Bo Bernhard, a University of Nevada, Las Vegas, professor who studies gambling, said the allure of Powerball and other lotteries is at heart similar to much of American entertainment -- Christmas included.

It's all about the "anticipatory moment," Bernhard said. The moments leading up to the dream are more important than realizing the dream, Bernhard said. (Especially in the case of Red Sox fans, he cracked.)

"If you spend $20 and it gets you several days of anticipatory pleasure, who's to say that's not a valid purchase of entertainment time?" Bernhard said.

"We've always seen gambling as a less legitimate form of entertainment, but that's based on years and years of religious morality, of people saying it's wrong and of the devil.

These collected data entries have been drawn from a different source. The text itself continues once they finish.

text \<open>Outside the
  range 2k \<le> n it is immediate; inside, both sides are multiples of T(n+1,k) by the two ratio
  lemmas, and the multipliers agree by the q-integer identity above.\<close>
lemma wz_certificate:
  assumes "n \<ge> 1"
  shows "vterm q m (Suc n) k - vratio q m n * vterm q m n k = wz_cert q m n (Suc k) - wz_cert q m n k"
proof (cases "2*k \<le> n")
  case False
  then consider "2*k = Suc n" | "2*k > Suc n" by linarith
  then show ?thesis
    by cases (simp_all add: vterm_def wz_cert_def qint_nonzero)
next
  case True
  then obtain d where n: "n = 2*k + d" using le_Suc_ex by blast
  define x where "x = vsummand q m (Suc n) k"
  define B C where "B = qint q (Suc n)" and "C = qint q (2 * (k + d + m))"
  have nonzeros: "B \<noteq> 0" "C \<noteq> 0" "qint q (2*k + 2) \<noteq> 0" "qint q (2 * (2*k + d + m)) \<noteq> 0"
    using assms unfolding B_def C_def n by (auto intro!: qint_nonzero)
  have at_Suc_n: "vterm q m (Suc n) k = x"
    unfolding vterm_def x_def n by simp
  have at_n: "vterm q m n k = x * qint q (d + 1) * qint q (2 * (2*k + d + m)) / (B * C)"
    using vsummand_Suc_n[of m k d] assms nonzeros
    unfolding vterm_def x_def B_def C_def n by (simp add: field_simps)
  have at_Suc_n_Suc_k:
    "vterm q m (Suc n) (Suc k) = - x * q ^ (2*k) * qint q (d + 1) * qint q d / (qint q (2*k + 2) * C)"
  proof (cases d)
    case (Suc e)
    then have "Suc n = 2*k + 2 + e" using n by simp
    then show ?thesis
      using vsummand_Suc_k[of m k e] unfolding vterm_def x_def C_def Suc by (simp add: ac_simps)
  qed (simp add: vterm_def n)
  have ratio: "vratio q m n = q ^ n * qint q (2*m + n) / qint q (2 * (2*k + d + m))"
    unfolding vratio_def n by (simp add: ac_simps)
  have identity: "B * C - q ^ n * qint q (2*m + n) * qint q (d + 1) =
      q ^ (2*k) * qint q (d + 1) * qint q d + qint q (2*k) * C"
    using qint_certificate_identity[of q k d m] unfolding B_def C_def n by (simp add: ac_simps)
  have "vterm q m (Suc n) k - vratio q m n * vterm q m n k =
      x * (B * C - q ^ n * qint q (2*m + n) * qint q (d + 1)) / (B * C)"
    unfolding at_Suc_n at_n ratio using nonzeros by (simp add: field_simps)
  also have "\<dots> = x * (q ^ (2*k) * qint q (d + 1) * qint q d + qint q (2*k) * C) / (B * C)"
    unfolding identity ..
  also have "\<dots> = wz_cert q m n (Suc k) - wz_cert q m n k"
    unfolding wz_cert_def at_Suc_n at_Suc_n_Suc_k B_def[symmetric] using nonzeros
    by (simp add: field_simps)
  finally show ?thesis .
qed

text \<open>Summing the certificate identity over k telescopes: S(n+1) = rho_n S(n).\<close>
lemma vsum_Suc:
  assumes "n \<ge> 1"
  shows "vsum q m (Suc n) = vratio q m n * vsum q m n"
proof -
  have "(\<Sum>k\<le>Suc n. vterm q m (Suc n) k - vratio q m n * vterm q m n k) =
      (\<Sum>k<Suc (Suc n). wz_cert q m n (Suc k) - wz_cert q m n k)"
    using wz_certificate[OF assms] by (simp add: lessThan_Suc_atMost)
  also have "\<dots> = wz_cert q m n (Suc (Suc n)) - wz_cert q m n 0"
    by (rule sum_lessThan_telescope)
  also have "\<dots> = 0"
    by (simp add: wz_cert_def vterm_def)
  finally have telescoped:
    "(\<Sum>k\<le>Suc n. vterm q m (Suc n) k) - vratio q m n * (\<Sum>k\<le>Suc n. vterm q m n k) = 0"
    by (simp only: sum_subtractf sum_distrib_left)
  have "vterm q m n (Suc n) = 0"
    by (simp add: vterm_def)
  with telescoped show ?thesis
    unfolding vsum_def by simp
qed

lemma vsum_eq_vclosed:
  assumes "n \<ge> 1"
  shows "vsum q m n = vclosed q m n"
  using assms
proof (induction n rule: dec_induct)
  case base
  show ?case
    using vclosed_1[of q m] by (simp add: vsum_def vterm_def vsummand_def qpoch_def)
next
  case (step k)
  have "vsum q m (Suc k) = vratio q m k * vsum q m k"
    by (rule vsum_Suc[OF step(1)])
  also have "\<dots> = vratio q m k * vclosed q m k"
    by (simp only: step(3))
  also have "\<dots> = vclosed q m (Suc k)"
    by (rule vclosed_Suc[OF step(1), symmetric])
  finally show ?case .
qed

end

text \<open>The indeterminate of Q(q) is nonzero and no power q^j with j \<ge> 1 equals 1,
  since q^j is a polynomial of degree j.\<close>
lemma qvar_power: "qvar ^ j = Fract ([:0, 1:] ^ j) 1"
  by (induction j) (simp_all add: qvar_def One_fract_def)

lemma generic_q_qvar: "generic_q qvar"
proof
  show "qvar \<noteq> 0"
    unfolding qvar_def Zero_fract_def by (simp add: eq_fract)
next
  fix j :: nat
  assume "j \<ge> 1"
  show "qvar ^ j \<noteq> 1"
  proof
    assume "qvar ^ j = 1"
    then have "[:0, 1::rat:] ^ j = 1"
      unfolding qvar_power One_fract_def by (simp add: eq_fract)
    then have "degree ([:0, 1::rat:] ^ j) = 0" by simp
    with \<open>j \<ge> 1\<close> show False by (simp add: degree_power_eq)
  qed
qed

theorem mainTheorem18:
  fixes m n :: nat
  assumes "n \<ge> 1"
  shows "vpoly n 1 m (1 / qvar) qvar =
           qvar ^ (n choose 2) *
           ((\<Prod>j = 1..n - 1. qint qvar (2 * m + j)) /
            (\<Prod>j = 1..n - 1. qint qvar (2 * m + 2 * j)))"
proof -
  interpret generic_q qvar by (rule generic_q_qvar)
  have "vpoly n 1 m (1 / qvar) qvar = vsum qvar m n"
    by (rule vpoly_eq_vsum[OF assms])
  also have "\<dots> = vclosed qvar m n"
    by (rule vsum_eq_vclosed[OF assms])
  finally show ?thesis
    unfolding vclosed_def .
qed

end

But as Americans we've sort of rejected that moral argument."

In the case of Arizona, one of 24 states that participate in Powerball, that entertainment value has meant an added $199.2 million paid to state and county general funds since 1994. In that same period Powerball players in Arizona, many of them Las Vegans crossing the border, have shelled out $664 million.

Last year Larsen's cut of the ticket sales allowed her to upgrade to commercial-grade refrigerators and freezers. This year, after the new tin roof goes up, she said she'll move several barrels from inside the cafe to outside, where they will continue to catch water.

"That can be radiator water. People can wash their hair. Whatever they want," Larsen said.